Nadie con sano sentido de responsabilidad puede abonar, con opiniones partidarias, la desconfianza levantada por la autoridad monetaria y la propia banca sobre el sistema bancario. Como hacen los que propagan la versión oficial.

Para impedir el pánico de los depositantes, que cualquier rumor absurdo puede desencadenar, es preciso decir sin miedo la verdad. Porque la causa del peligro no esta en la crisis económica de Banesto, ni en la necesidad legal de su intervención estatal. Sino en la forma alarmista y desconsiderada de llevarla a cabo, con desprecio al prestigioso capital extranjero comprometido y a la libre competencia en el sector. Por eso, efectuado ya el desembarco de los hombres del Vizcaya (elegidos por el Presidente del BBV, y no por el Banco de España como la ley manda), los demás bancos deben retirarse cuanto antes de Banesto en signo de normalidad y neutralidad. Mientras la gran banca siga apiñada en tomo a un problema ajeno, que sólo el Banco de España debe resolver no se podrá evitar la sospecha de que sigue ahí, dando cobertura a la autoridad por temor a su propia debilidad. Se entiende que el poder estatal, acostumbrado a la impunidad que le otorga la ingenua confianza del «homo políticos», trate al representante de la Morgan como a un empleado sin poder. Pero será temerario esperar el mismo infantilismo del «homo economicus» que es el cliente bancario.

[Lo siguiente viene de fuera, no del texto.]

lemma Zr_measurable_PiM: "m \<le> n \<Longrightarrow> (\<lambda>f. Zr f m) \<in> PiM {1..n} (\<lambda>_. borel) \<rightarrow>\<^sub>M borel"
proof (induction m)
  case (Suc m)
  have "(\<lambda>f. f (Suc m)) \<in> PiM {1..n} (\<lambda>_. borel) \<rightarrow>\<^sub>M (borel :: real measure)"
    using Suc.prems by (intro measurable_component_singleton) auto
  then have "(\<lambda>f. step (Zr f m) (f (Suc m))) \<in> PiM {1..n} (\<lambda>_. borel) \<rightarrow>\<^sub>M borel"
    using Suc by (intro measurable_step) auto
  then show ?case by simp
qed simp

text \<open>The state after \<open>n\<close> steps depends only on \<open>X_1, \<dots>, X_n\<close>, hence is independent of the
  next sample (paired with a dummy coordinate to get a variable in the same space).\<close>
lemma indep_Y_X: "indep_var borel (Y n) borel (\<lambda>\<omega>. (X (Suc n) \<omega>, 0::real))"
proof -
  have "indep_var (PiM {1..n} (\<lambda>_. borel)) (\<lambda>\<omega>. restrict (\<lambda>i. X i \<omega>) {1..n})
      (PiM {Suc n} (\<lambda>_. borel)) (\<lambda>\<omega>. restrict (\<lambda>i. X i \<omega>) {Suc n})"
    by (rule indep_var_restrict[OF X_indep]) auto
  moreover have "(\<lambda>f. (f (Suc n), 0::real)) \<in> PiM {Suc n} (\<lambda>_. borel) \<rightarrow>\<^sub>M (borel :: (real \<times> real) measure)"
  proof -
    have [measurable]: "(\<lambda>f. f (Suc n)) \<in> PiM {Suc n} (\<lambda>_. borel) \<rightarrow>\<^sub>M (borel :: real measure)"
      by (rule measurable_component_singleton) simp
    have "(\<lambda>f. (f (Suc n), 0::real)) \<in> PiM {Suc n} (\<lambda>_. borel) \<rightarrow>\<^sub>M (borel \<Otimes>\<^sub>M borel)"
      by measurable
    then show ?thesis by (simp add: borel_prod)
  qed
  ultimately have "indep_var borel ((\<lambda>f. Zr f n) \<circ> (\<lambda>\<omega>. restrict (\<lambda>i. X i \<omega>) {1..n}))
     borel ((\<lambda>f. (f (Suc n), 0::real)) \<circ> (\<lambda>\<omega>. restrict (\<lambda>i. X i \<omega>) {Suc n}))"
    using indep_var_compose[OF _ Zr_measurable_PiM[OF order_refl]] by blast
  moreover have "(\<lambda>f. Zr f n) \<circ> (\<lambda>\<omega>. restrict (\<lambda>i. X i \<omega>) {1..n}) = Y n"
    by (auto simp: fun_eq_iff Y_def intro!: Zr_cong)
  ultimately show ?thesis by (simp add: comp_def)
qed
lemma processing_inv_improved: "processing_inv E s ts r (u, du, sr, pr) st'"
proof -
  note new = improves_new[OF improves] and other = improves_other[OF improves]
  have len: "nrecs st \<le> nrecs st'" "j < nrecs st'" using improves unfolding improves_def by auto
  have "r \<noteq> j" using processed_not_improved inv_facts(7,9) by blast
  have queue_levs: "map (lev st') (bq st) = map (lev st) (bq st)"
    using lev_preserved inv_facts(2) unfolding queue_wf_def by auto
  have sorted_old: "sorted (map (lev st') (bq st))" unfolding queue_levs by (rule inv_facts(10))
  have "sorted (map (lev st') (bq st'))"
  proof (cases "j < nrecs st")
    case True
    then show ?thesis using queue sorted_old by simp
  next
    case False
    have "lev st' b \<le> lev st' j" if "b \<in> set (bq st)" for b
      using that new lev_preserved inv_facts(2,12) unfolding queue_wf_def by auto
    then show ?thesis using False queue sorted_old by (auto simp: sorted_append)
  qed
  moreover have "du \<le> lev st' b" if "b \<in> set (bq st')" for b
    using that queue_set new inv_facts(2,11) lev_preserved unfolding queue_wf_def by auto
  moreover have "lev st' a \<le> Suc du" if "a < nrecs st'" for a
    using that new other inv_facts(12) by (cases "a = j") auto
  moreover have "lev st' a \<le> du \<and> (a \<noteq> r \<longrightarrow> expanded E st' a)"
    if "a < nrecs st'" "a \<notin> set (bq st')" for a
  proof -
    have "a \<noteq> j" "a \<notin> set (bq st)" using that queue_set by auto
    then have "a < nrecs st" "recs st' ! a = recs st ! a" using other that(1) by auto
    then show ?thesis
      using inv_facts(13,14) \<open>a \<notin> set (bq st)\<close> expanded_refines[OF _ refines] by auto
  qed
  ultimately show ?thesis
    using record_inv_improved len inv_facts(7-9) \<open>r \<noteq> j\<close> improves_old[OF improves] queue_set
    unfolding processing_inv_def by auto
qed

lemma reached_target: "reached st' v (Suc du) t"
  using improves_new[OF improves] improves unfolding reached_def improves_def by auto

lemma traversed:
  defines "st'' \<equiv> st'\<lparr>trav := insert (u, v, t) (trav st')\<rparr>"
  shows "processing_inv E s ts r (u, du, sr, pr) st'' \<and> reached st'' v (Suc du) t \<and> refines st st''"
  using processing_inv_traverse[OF processing_inv_improved] reached_target refines unfolding st''_def by simp

end

lemma sig_min_reached:
  assumes "sig_min st" "sig st v \<le> ereal t" "\<And>a. a < nrecs st \<Longrightarrow> lev st a \<le> k"
  shows "reached st v k t"
proof -
  have "sig st v \<noteq> \<infinity>" using assms(2) by auto
  then obtain a where "a < nrecs st" "vert st a = v" "sig st v = ereal (time st a)"
    using assms(1) unfolding sig_min_def by blast
  then show ?thesis using assms(2,3) unfolding reached_def by auto
qed

lemma Min_tm_edges:
  assumes "finite B"
  shows "finite {tm e |e. e \<in> B \<and> dst e = v}" and "e \<in> B \<Longrightarrow> dst e = v \<Longrightarrow> tm e \<in> {tm e |e. e \<in> B \<and> dst e = v}"
  using assms unfolding setcompr_eq_image by (simp, blast)

lemma Min_tm_le:
  assumes "finite B" "e \<in> B"
  shows "Min {tm e' |e'. e' \<in> B \<and> dst e' = dst e} \<le> tm e"
  using Min_le[OF Min_tm_edges(1)[OF assms(1)] Min_tm_edges(2)[OF assms refl]] .

lemma Min_tm_edge:
  assumes "finite B" "v \<in> dst ` B"
  obtains e where "e \<in> B" "dst e = v" "tm e = Min {tm e |e. e \<in> B \<and> dst e = v}"
proof -
  obtain e0 where "e0 \<in> B" "dst e0 = v" using assms(2) by blast
  then have "{tm e |e. e \<in> B \<and> dst e = v} \<noteq> {}" using Min_tm_edges(2)[OF assms(1)] by blast
  then have "Min {tm e |e. e \<in> B \<and> dst e = v} \<in> {tm e |e. e \<in> B \<and> dst e = v}"
    by (rule Min_in[OF Min_tm_edges(1)[OF assms(1)]])
  then have "\<exists>e. Min {tm e |e. e \<in> B \<and> dst e = v} = tm e \<and> e \<in> B \<and> dst e = v"
    by (simp only: mem_Collect_eq)
  then show ?thesis using that by (elim exE conjE) simp
qed
lemma handle_no_improvement:
  "\<not> ereal t < sig st v \<Longrightarrow> t = Min {tm e |e. e \<in> B \<and> dst e = v} \<Longrightarrow>
   handle B r v st = st\<lparr>trav := insert (vert st r, v, t) (trav st)\<rparr>"
  by (simp add: handle_def Let_def)

lemma handle_creates:
  "ereal t < sig st v \<Longrightarrow> t = Min {tm e |e. e \<in> B \<and> dst e = v} \<Longrightarrow>
   \<not> (\<exists>i\<in>set (bq st). vert st i = v \<and> lev st i = Suc (lev st r)) \<Longrightarrow>
   handle B r v st = st\<lparr>recs := recs st @ [(v, Suc (lev st r), t, Some r)], bq := bq st @ [nrecs st],
     sig := (sig st)(v := ereal t), trav := insert (vert st r, v, t) (trav st)\<rparr>"
  unfolding handle_def Let_def by auto

lemma handle_updates:
  "ereal t < sig st v \<Longrightarrow> t = Min {tm e |e. e \<in> B \<and> dst e = v} \<Longrightarrow>
   i = (SOME i. i \<in> set (bq st) \<and> vert st i = v \<and> lev st i = Suc (lev st r)) \<Longrightarrow>
   \<exists>i\<in>set (bq st). vert st i = v \<and> lev st i = Suc (lev st r) \<Longrightarrow>
   handle B r v st = st\<lparr>recs := (recs st)[i := (v, Suc (lev st r), t, Some r)],
     sig := (sig st)(v := ereal t), trav := insert (vert st r, v, t) (trav st)\<rparr>"
  by (auto simp: handle_def Let_def)

lemma improvement_overwrite:
  assumes inv: "processing_inv E s ts r (u, du, sr, pr) st"
    and edge: "(u, v, t) \<in> E" "sr \<le> t" "ereal t < sig st v"
    and i: "i \<in> set (bq st)" "vert st i = v" "lev st i = Suc du"
  shows "improvement E s ts r u du sr pr st v t i
    (st\<lparr>recs := (recs st)[i := (v, Suc du, t, Some r)], sig := (sig st)(v := ereal t)\<rparr>)"
proof -
  have "i < nrecs st" using i(1) inv unfolding processing_inv_def record_inv_def queue_wf_def by auto
  show ?thesis
  proof
    show "improves st i (v, Suc du, t, Some r)
        (st\<lparr>recs := (recs st)[i := (v, Suc du, t, Some r)], sig := (sig st)(v := ereal t)\<rparr>)"
      using \<open>i < nrecs st\<close> by (auto simp: improves_def)
    show "\<And>a. a < nrecs st \<Longrightarrow> vert st a = v \<Longrightarrow> lev st a = Suc du \<Longrightarrow> a = i"
      using inv i \<open>i < nrecs st\<close> unfolding processing_inv_def record_inv_def
      by (metis levels_consistentD(1))
  qed (use inv edge i \<open>i < nrecs st\<close> in simp_all)
qed

lemma improvement_append:
  assumes inv: "processing_inv E s ts r (u, du, sr, pr) st"
    and edge: "(u, v, t) \<in> E" "sr \<le> t" "ereal t < sig st v"
    and fresh: "\<not> (\<exists>i\<in>set (bq st). vert st i = v \<and> lev st i = Suc du)"
  shows "improvement E s ts r u du sr pr st v t (nrecs st)
    (st\<lparr>recs := recs st @ [(v, Suc du, t, Some r)], bq := bq st @ [nrecs st], sig := (sig st)(v := ereal t)\<rparr>)"
proof
  show "improves st (nrecs st) (v, Suc du, t, Some r) (st\<lparr>recs := recs st @ [(v, Suc du, t, Some r)],
      bq := bq st @ [nrecs st], sig := (sig st)(v := ereal t)\<rparr>)"
    by (auto simp: improves_def nth_append)
  show "\<And>a. a < nrecs st \<Longrightarrow> vert st a = v \<Longrightarrow> lev st a = Suc du \<Longrightarrow> a = nrecs st"
    using inv fresh unfolding processing_inv_def by force
qed (use inv edge in simp_all)

lemma handle_preserves_processing_inv:
  assumes inv: "processing_inv E s ts r (u, du, sr, pr) st"
    and B: "finite B" "B \<subseteq> E" "\<forall>e\<in>B. src e = u \<and> sr \<le> tm e" and v: "v \<in> dst ` B"
  defines "t \<equiv> Min {tm e |e. e \<in> B \<and> dst e = v}"
  shows "processing_inv E s ts r (u, du, sr, pr) (handle B r v st) \<and>
    reached (handle B r v st) v (Suc du) t \<and> refines st (handle B r v st)"
proof -
  have t: "t = Min {tm e |e. e \<in> B \<and> dst e = v}" by (simp add: t_def)
  obtain e where e: "e \<in> B" "dst e = v" "tm e = t" using Min_tm_edge[OF B(1) v] t by metis
  then have edge: "(u, v, t) \<in> E" "sr \<le> t" using B(2,3) edge_eta[of e] by auto
  have r: "vert st r = u" "lev st r = du" using inv unfolding processing_inv_def by auto
  consider (none) "\<not> ereal t < sig st v"
    | (update) "ereal t < sig st v" "\<exists>i\<in>set (bq st). vert st i = v \<and> lev st i = Suc du"
    | (create) "ereal t < sig st v" "\<not> (\<exists>i\<in>set (bq st). vert st i = v \<and> lev st i = Suc du)"
    by blast
  then show ?thesis
  proof cases
    case none
    have "reached st v (Suc du) t"
      using inv none unfolding processing_inv_def record_inv_def by (intro sig_min_reached) auto
    then show ?thesis
      using handle_no_improvement[OF none t] processing_inv_traverse[OF inv] r refines_refl by simp
  next
    case update
    define i where "i = (SOME i. i \<in> set (bq st) \<and> vert st i = v \<and> lev st i = Suc du)"
    have i: "i \<in> set (bq st)" "vert st i = v" "lev st i = Suc du"
      using someI_ex[OF update(2)[unfolded Bex_def]] unfolding i_def by auto
    have "handle B r v st = st\<lparr>recs := (recs st)[i := (v, Suc du, t, Some r)],
        sig := (sig st)(v := ereal t), trav := insert (u, v, t) (trav st)\<rparr>"
      using handle_updates[OF update(1) t] update(2) r unfolding i_def by simp
    then show ?thesis using improvement.traversed[OF improvement_overwrite[OF inv edge update(1) i]] by simp
  next
    case create
    have "handle B r v st = st\<lparr>recs := recs st @ [(v, Suc du, t, Some r)], bq := bq st @ [nrecs st],
        sig := (sig st)(v := ereal t), trav := insert (u, v, t) (trav st)\<rparr>"
      using handle_creates[OF create(1) t] create(2) r by simp
    then show ?thesis using improvement.traversed[OF improvement_append[OF inv edge create]] by simp
  qed
qed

El ciudadano normal permite que se juegue con su voto político, pero no con su dinero. En el campo de los intereses materiales domina una actitud precavida que se torna ciegamente desconfiada al menor signo de peligro. Sucede lo contrario en la esfera política, donde la actuación mental de los gobernados no supera la de un niño. Tan pronto como el poder establecido lanza una señal de alerta, un miedo irracional les hace depositar toda su confianza en los gobernantes. El Banco de España ha iluminado Banesto con la luz roja que habitualmente enciende el Gobierno para solventar sus atolladeros políticos. Pero si el miedo que produce la declaración oficial del estado de crisis del sistema financiero español, llegara a enfrentar la reacción de confianza en la autoridad política y la reacción de desconfianza en las instituciones de crédito, la banca no debería ignorar que sería esta última la que prevalecería en sus depositantes. Que no están necesitados de buenas palabras, sino de hechos que contradigan el estado de necesidad en que parecen encontrarse las entidades de ahorro y crédito. Metidas en el agujero de Banesto que JP Morgan se aprestaba a rellenar. Real o atribuida, la cazurría del gobernador. «Usted no es el Sr. Morgan», puede convertirse en la frase mítica de una catástrofe. Porque «usted, Sr. Rojo, no es gobernador de una banca privada nacionalizada».